There are two methods available to control which execution cluster queries run on.
- Workload Management based Routing
- Direct Routing
Workload Management based Routing
Workload Management can control the execution cluster each query runs on by defining Rules processed during runtime that determine the Queue for each individual query. In deployments with only one cluster all Queues share the same execution resources and route to the same single cluster. However, when provisioning multiple EC2 execution clusters each Queue can be scheduled on a different execution cluster.
To route queries to a specific execution cluster:
- Configure WLM Rules to route a set of queries to a specific Queue
Edit Queueand change the Queue's properties and set the Cluster Name to desired execution cluster
The following example demontrates routing high cost reflection rebuild queries to a specific cluster just for large reflection rebuilds.
The default Cluster Name for a queue is
Any which allows queries in that WLM Queue to run on any cluster available at the time of execution.
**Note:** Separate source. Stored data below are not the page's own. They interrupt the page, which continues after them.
lemma log_pgf_ode:
  assumes z: "norm z < 1/2"
  shows "(complex_of_real q - z) * (1 - z) * deriv (log_pgf g q th) z
       = complex_of_real th * (1 - z) + complex_of_real (g * (1 - q)) * log_pgf g q th z"
proof -
  define w where "w = xi q z"
  define h where "h = eval_fps (lerch_fps g) w"
  define h' where "h' = eval_fps (fps_deriv (lerch_fps g)) w"
  have nz: "1 - z \<noteq> 0" using z by auto
  have ode: "w * h' + of_real g * h = 1 / (1 - w)"
    unfolding h_def h'_def w_def by (rule eval_lerch_fps_ode[OF g_pos norm_xi_less_1[OF q_nonneg q_less_1 z]])
  have w1: "1 - w = complex_of_real (1 - q) / (1 - z)"
    unfolding w_def xi_def using nz by (simp add: divide_simps)
  have "complex_of_real (1 - q) \<noteq> 0" using q_less_1 by simp
  have "(complex_of_real q - z) * (1 - z) * deriv (log_pgf g q th) z
      = (complex_of_real q - z) * (1 - z) * (- complex_of_real th * (h' * ((complex_of_real q - 1) / (1 - z)\<^sup>2)))"
    using DERIV_imp_deriv[OF log_pgf_has_field_derivative[OF z]] unfolding h'_def w_def by simp
  also have "\<dots> = complex_of_real th * complex_of_real (1 - q) * (w * h')"
    unfolding w_def xi_def using nz by (simp add: power2_eq_square divide_simps) (simp add: algebra_simps)
  also have "w * h' = 1 / (1 - w) - of_real g * h" using ode by (simp add: algebra_simps)
  also have "complex_of_real th * complex_of_real (1 - q) * (1 / (1 - w) - of_real g * h)
      = complex_of_real th * (1 - z) + complex_of_real (g * (1 - q)) * (- complex_of_real th * h)"
    unfolding w1 using nz \<open>complex_of_real (1 - q) \<noteq> 0\<close>
    by (simp add: divide_simps) (simp add: algebra_simps)
  finally show ?thesis unfolding log_pgf_def h_def w_def .
qed

lemma log_pgf_of_real:
  assumes x: "\<bar>x\<bar> < 1/2"
  shows "\<bar>(q - x) / (1 - x)\<bar> < 1"
    and "log_pgf g q th (complex_of_real x) = complex_of_real (- th * lerch g ((q - x) / (1 - x)))"
proof -
  have "norm (xi q (complex_of_real x)) < 1"
    using x by (intro norm_xi_less_1 q_nonneg q_less_1) simp
  then show a: "\<bar>(q - x) / (1 - x)\<bar> < 1"
    unfolding xi_of_real norm_of_real .
  show "log_pgf g q th (complex_of_real x) = complex_of_real (- th * lerch g ((q - x) / (1 - x)))"
    unfolding log_pgf_def xi_of_real eval_lerch_fps_of_real[OF g_pos a] by simp
qed

lemma log_pgf_coeff_fps_ode:
  defines "C \<equiv> Abs_fps (\<lambda>n. complex_of_real (log_pgf_coeff g q th n))"
  shows "(fps_const (of_real q) - fps_X) * (1 - fps_X) * fps_deriv C
       = fps_const (of_real th) * (1 - fps_X) + fps_const (of_real (g * (1 - q))) * C"
proof (rule fps_ext)
  fix n
  have "complex_of_real (q * real (Suc n) * log_pgf_coeff g q th (Suc n) - (1 + q) * real n * log_pgf_coeff g q th n
           + (if n = 0 then 0 else real (n - 1) * log_pgf_coeff g q th (n - 1)))
      = complex_of_real (th * (if n = 0 then 1 else if n = 1 then -1 else 0) + g * (1 - q) * log_pgf_coeff g q th n)"
    using log_pgf_coeff_recurrence[OF g_pos q_nonneg q_less_1] by presburger
  then show "((fps_const (of_real q) - fps_X) * (1 - fps_X) * fps_deriv C) $ n
      = (fps_const (of_real th) * (1 - fps_X) + fps_const (of_real (g * (1 - q))) * C) $ n"
    unfolding fps_nth_ode_operator C_def by (cases n) (auto split: if_splits)
qed

lemma fps_expansion_log_pgf:
  "fps_expansion (log_pgf g q th) 0 = Abs_fps (\<lambda>n. complex_of_real (log_pgf_coeff g q th n))"
proof -
  define F where "F = fps_expansion (log_pgf g q th) 0"
  define C where "C = Abs_fps (\<lambda>n. complex_of_real (log_pgf_coeff g q th n))"
  define k where "k = fps_const (complex_of_real (g * (1 - q)))"
  have F_exp: "log_pgf g q th has_fps_expansion F"
    unfolding F_def by (rule has_fps_expansion_fps_expansion[OF open_ball _ holomorphic_log_pgf]) simp
  have lhs_exp: "(\<lambda>z. (of_real q - z) * (1 - z) * deriv (log_pgf g q th) z) has_fps_expansion
          (fps_const (of_real q) - fps_X) * (1 - fps_X) * fps_deriv F"
    by (intro has_fps_expansion_mult has_fps_expansion_diff has_fps_expansion_const has_fps_expansion_fps_X
          has_fps_expansion_1 has_fps_expansion_deriv F_exp)
  moreover have "eventually (\<lambda>z. z \<in> ball 0 (1/2)) (nhds 0)"
    by (intro eventually_nhds_in_open) auto
  then have ode: "eventually (\<lambda>z. (of_real q - z) * (1 - z) * deriv (log_pgf g q th) z
      = of_real th * (1 - z) + of_real (g * (1 - q)) * log_pgf g q th z) (nhds 0)"
    by eventually_elim (simp add: log_pgf_ode)
  have "(\<lambda>z. of_real th * (1 - z) + of_real (g * (1 - q)) * log_pgf g q th z) has_fps_expansion
          (fps_const (of_real q) - fps_X) * (1 - fps_X) * fps_deriv F"
    using has_fps_expansion_cong[OF ode refl] lhs_exp by simp
  moreover have "(\<lambda>z. of_real th * (1 - z) + of_real (g * (1 - q)) * log_pgf g q th z) has_fps_expansion
          fps_const (of_real th) * (1 - fps_X) + k * F"
    unfolding k_def
    by (intro has_fps_expansion_add has_fps_expansion_cmult_left has_fps_expansion_diff
          has_fps_expansion_fps_X has_fps_expansion_1 F_exp)
  ultimately have F_ode: "(fps_const (of_real q) - fps_X) * (1 - fps_X) * fps_deriv F
      = fps_const (of_real th) * (1 - fps_X) + k * F"
    using fps_expansion_unique_complex by blast
  have hom: "(fps_const (of_real q) - fps_X) * (1 - fps_X) * fps_deriv (F - C) = k * (F - C)"
    using F_ode log_pgf_coeff_fps_ode unfolding C_def[symmetric] k_def[symmetric]
    by (simp add: right_diff_distrib)
  have D0: "(F - C) $ 0 = 0"
    using log_pgf_of_real(2)[of 0] fps_nth_fps_expansion[OF F_exp, of 0]
    by (simp add: C_def log_pgf_coeff_def)
  have "F - C = 0"
    using g_pos q_less_1 by (intro fps_ode_homogeneous_eq_0[OF _ hom[unfolded k_def] D0]) simp
  then show ?thesis unfolding F_def C_def by simp
qed

lemma log_pgf_coeff_sums:
  assumes z: "norm z < 1/2"
  shows "(\<lambda>n. complex_of_real (log_pgf_coeff g q th n) * z ^ n) sums log_pgf g q th z"
proof -
  have holo: "log_pgf g q th holomorphic_on eball 0 (ereal (1/2))"
    using holomorphic_log_pgf by simp
  have "ereal (norm z) < fps_conv_radius (fps_expansion (log_pgf g q th) 0)"
    using z conv_radius_fps_expansion[OF holo] by (auto intro: less_le_trans[rotated])
  then have "(\<lambda>n. fps_expansion (log_pgf g q th) 0 $ n * z ^ n) sums log_pgf g q th z"
    using sums_eval_fps eval_fps_expansion'[OF holo] z by fastforce
  then show ?thesis unfolding fps_expansion_log_pgf by simp
qed

end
Once a specific Cluster Name is selected queries in that Queue will only run on the selected execution cluster and if the execution cluster is not available the query will fail with the error message
Error: No executors are available even if other execution clusters are currently active.
Note: Configurations that either have more than one execution cluster or use the Auto Start feature should specify a Cluster Name for all WLM Queues and make sure than no WLM Queues route to 'Any'. 'Any' is intended only for configuratations that do not make use of multiple execution clusters and for backward compatibility. Queues that route to 'Any' will not automatically start a cluster and can also route queries to clusters that are stopped.
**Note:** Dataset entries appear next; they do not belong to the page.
definition reaction_network :: "('d::finite) edge set \<Rightarrow> bool" where
  "reaction_network E \<longleftrightarrow> finite E \<and> E \<noteq> {} \<and>
     (\<forall>e\<in>E. src e \<noteq> tgt e) \<and>
     (\<forall>y\<in>nodes E. \<forall>i. y $ i \<ge> 0)"

text \<open>Monomial x^y = prod_i x_i^{y_i} with the convention 0^0 = 1 (for x >= 0).\<close>
definition monom :: "real ^ ('d::finite) \<Rightarrow> real ^ 'd \<Rightarrow> real" where
  "monom x y = (\<Prod>i\<in>UNIV. if y $ i = 0 then 1 else x $ i powr y $ i)"

definition pos_rates :: "'d edge set \<Rightarrow> ('d edge \<Rightarrow> real) \<Rightarrow> bool" where
  "pos_rates E K \<longleftrightarrow> (\<forall>e\<in>E. K e > 0)"

definition gen_sys :: "('d::finite) edge set \<Rightarrow> ('d edge \<Rightarrow> real) \<Rightarrow> real ^ 'd \<Rightarrow> real ^ 'd" where
  "gen_sys E K x = (\<Sum>e\<in>E. (K e * monom x (src e)) *\<^sub>R rvec e)"

definition same_sys :: "(real ^ ('d::finite) \<Rightarrow> real ^ 'd) \<Rightarrow> (real ^ 'd \<Rightarrow> real ^ 'd) \<Rightarrow> bool" where
  "same_sys f g \<longleftrightarrow> (\<forall>x. (\<forall>i. x $ i \<ge> 0) \<longrightarrow> f x = g x)"

definition realizable_sub :: "('d::finite) edge set \<Rightarrow> 'd edge set \<Rightarrow> bool" (infix "\<sqsubseteq>\<^sub>R" 50) where
  "E \<sqsubseteq>\<^sub>R E' \<longleftrightarrow> (\<forall>K. pos_rates E K \<longrightarrow>
      (\<exists>K'. pos_rates E' K' \<and> same_sys (gen_sys E' K') (gen_sys E K)))"

definition endotactic :: "('d::finite) edge set \<Rightarrow> bool" where
  "endotactic E \<longleftrightarrow> (\<forall>w::real^'d. \<forall>ei\<in>E. w \<bullet> rvec ei < 0 \<longrightarrow>
      (\<exists>ej\<in>E. w \<bullet> (src ej - src ei) < 0 \<and> w \<bullet> rvec ej > 0))"

definition source_only :: "('d::finite) edge set \<Rightarrow> bool" where
  "source_only E \<longleftrightarrow> tgt ` E \<subseteq> src ` E"

definition source_only_sys :: "(real ^ ('d::finite) \<Rightarrow> real ^ 'd) \<Rightarrow> bool" where
  "source_only_sys f \<longleftrightarrow> (\<exists>E K. reaction_network E \<and> source_only E \<and> pos_rates E K \<and>
      same_sys (gen_sys E K) f)"

definition eff_source_only :: "('d::finite) edge set \<Rightarrow> bool" where
  "eff_source_only E \<longleftrightarrow> (\<forall>K. pos_rates E K \<longrightarrow> source_only_sys (gen_sys E K))"

end

theory Submission imports Defs begin

text \<open>Endotacticity forces every reaction vector \<open>rvec e\<close> into the convex cone spanned
  by the differences \<open>z - src e\<close>, \<open>z\<close> a source node: otherwise a separating functional
  \<open>w\<close> would satisfy \<open>w \<bullet> rvec e < 0\<close> while no source node lies strictly below \<open>src e\<close> in
  direction \<open>w\<close>. Writing \<open>rvec e = (\<Sum>z. c e z *\<^sub>R (z - src e))\<close> with \<open>c e z \<ge> 0\<close>, the
  reaction \<open>e\<close> with rate \<open>k\<close> generates the same vector field as the reactions
  \<open>src e \<rightarrow> z\<close> with rates \<open>k * c e z\<close>. Collecting these reactions over all \<open>e\<close> gives a
  network whose nodes are the source nodes of the original one, so it is source-only
  and realizes every system of the original network.\<close>

lemma separating_hyperplane_closed_cone_point:
  fixes C :: "'a::euclidean_space set"
  assumes "convex_cone C" and "closed C" and "v \<notin> C"
  shows "\<exists>a. a \<bullet> v < 0 \<and> (\<forall>x\<in>C. 0 \<le> a \<bullet> x)"
proof -
  obtain a b where av: "a \<bullet> v < b" and aC: "\<forall>x\<in>C. b < a \<bullet> x"
    using separating_hyperplane_closed_point assms convex_cone_def by metis
  have "b < 0"
    using aC \<open>convex_cone C\<close> convex_cone_contains_0 by fastforce
  have "0 \<le> a \<bullet> x" if "x \<in> C" for x
  proof (rule ccontr)
    assume "\<not> 0 \<le> a \<bullet> x"
    then have "(b / (a \<bullet> x)) *\<^sub>R x \<in> C"
      using \<open>b < 0\<close> \<open>x \<in> C\<close> \<open>convex_cone C\<close>
      by (simp add: convex_cone_def conic_def divide_nonpos_neg)
    moreover have "a \<bullet> ((b / (a \<bullet> x)) *\<^sub>R x) = b"
      using \<open>\<not> 0 \<le> a \<bullet> x\<close> by simp
    ultimately show False
      using aC by fastforce
  qed
  with av \<open>b < 0\<close> show ?thesis
    by (intro exI[of _ a]) auto
qed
Direct Routing is used to specify the exact Queue and Execution Cluster to run queries on for a given ODBC or JDBC session. With Direct Routing WLM Rules are not considered and instead queries are routed directly to the specified Queue. Clients can be configured so that all queries run on a specific execution cluster or queries run on different execution clusters on a per-session basis.
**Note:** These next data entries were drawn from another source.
(* Let $\Sigma$ be a finite alphabet and suppose $C:\Sigma^k\to\Sigma^n$ is a $(q,\delta,1-\varepsilon,s)$-relaxed locally decodable code with a nonadaptive relaxed decoder, where $s<|\Sigma|^{-q}$. Then for any error radius \[ r\in\Bigl(0,\ \tfrac{\delta(|\Sigma|-1)}{q|\Sigma|}\Bigl(1-\tfrac{\varepsilon|\Sigma|}{|\Sigma|-1}-s|\Sigma|^{q}\Bigr)\Bigr), \] the code $C$ is also a \[ \Bigl(q,\ r,\ \varepsilon+s|\Sigma|^{q}\Bigl(1-\tfrac{1}{|\Sigma|}\Bigr)+\tfrac{rq}{\delta}\Bigr)\text{-locally decodable code}. \] In particular, for $\Sigma=\{0,1\}$ it is a $\bigl(q,r,\varepsilon+\frac{s2^q}{2}+\frac{rq}{\delta}\bigr)$-locally decodable code.
   Context: $\Delta$ denotes Hamming distance. A code $C:\Sigma^k\to\Sigma^n$ is a $(q,\delta,s)$-LDC if there is a randomized decoder reading at most $q$ positions of its oracle $y\in\Sigma^n$ and outputting a symbol in $\Sigma$ such that for all $b\in\Sigma^k$, $i\in[k]$, $y$ with $\Delta(y,C(b))\le\delta n$, $\Pr[\mathsf{Dec}^y(i)\ne b_i]\le s$. $C$ is a $(q,\delta,c,s)$-RLDC if there is a $q$-query decoder with outputs in $\Sigma\cup\{\bot\}$ such that for all such $b,i,y$: (completeness) $\Pr[\mathsf{Dec}^{C(b)}(i)=b_i]\ge c$, and (soundness) $\Pr[\mathsf{Dec}^y(i)\notin\{b_i,\bot\}]\le s$. A decoder is nonadaptive if the positions it queries do not depend on answers to earlier queries. *)

theory Defs
  imports "HOL-Probability.Probability"
begin

text \<open>Words over the alphabet 'a are lists; a code C maps words of length k to
words of length n. Positions are 0-based.\<close>

definition hamming :: "'a list \<Rightarrow> 'a list \<Rightarrow> nat" where
  "hamming x y = card {j. j < length x \<and> j < length y \<and> x ! j \<noteq> y ! j}"

text \<open>A deterministic query algorithm (possibly adaptive) is a decision tree: it either
outputs a value, or queries a position j and continues depending on the answer.\<close>

datatype ('s, 'o) dtree = Leaf 'o | Query nat "'s \<Rightarrow> ('s, 'o) dtree"

primrec eval_tree :: "('s, 'o) dtree \<Rightarrow> 's list \<Rightarrow> 'o" where
  "eval_tree (Leaf v) y = v"
| "eval_tree (Query j g) y = eval_tree (g (y ! j)) y"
To use Direct Routing add the Connection property
ROUTING_QUEUE = <WLM Queue Name> to the ODBC or JDBC session parameters when connecting to Dremio. When set all queries for the session are automatically routed to the specified WLM Queue and the execution cluster selected for that Queue.
To disable Tag Routing set the Dremio support key
dremio.wlm.direct_routing to false. By default Direct Routing is enabled.
Workload management provides details on how to configure ODBC and JDBC connections for Direct Routing
Automatic Cluster Management
Dremio supports automatic management of execution clusters and can automatically both start or stop clusters based on workload requirements. Automatic Cluster Management eliminates the need to manually provision and terminate execution clusters and helps users cost optimize Dremio by only running resources when workloads require them.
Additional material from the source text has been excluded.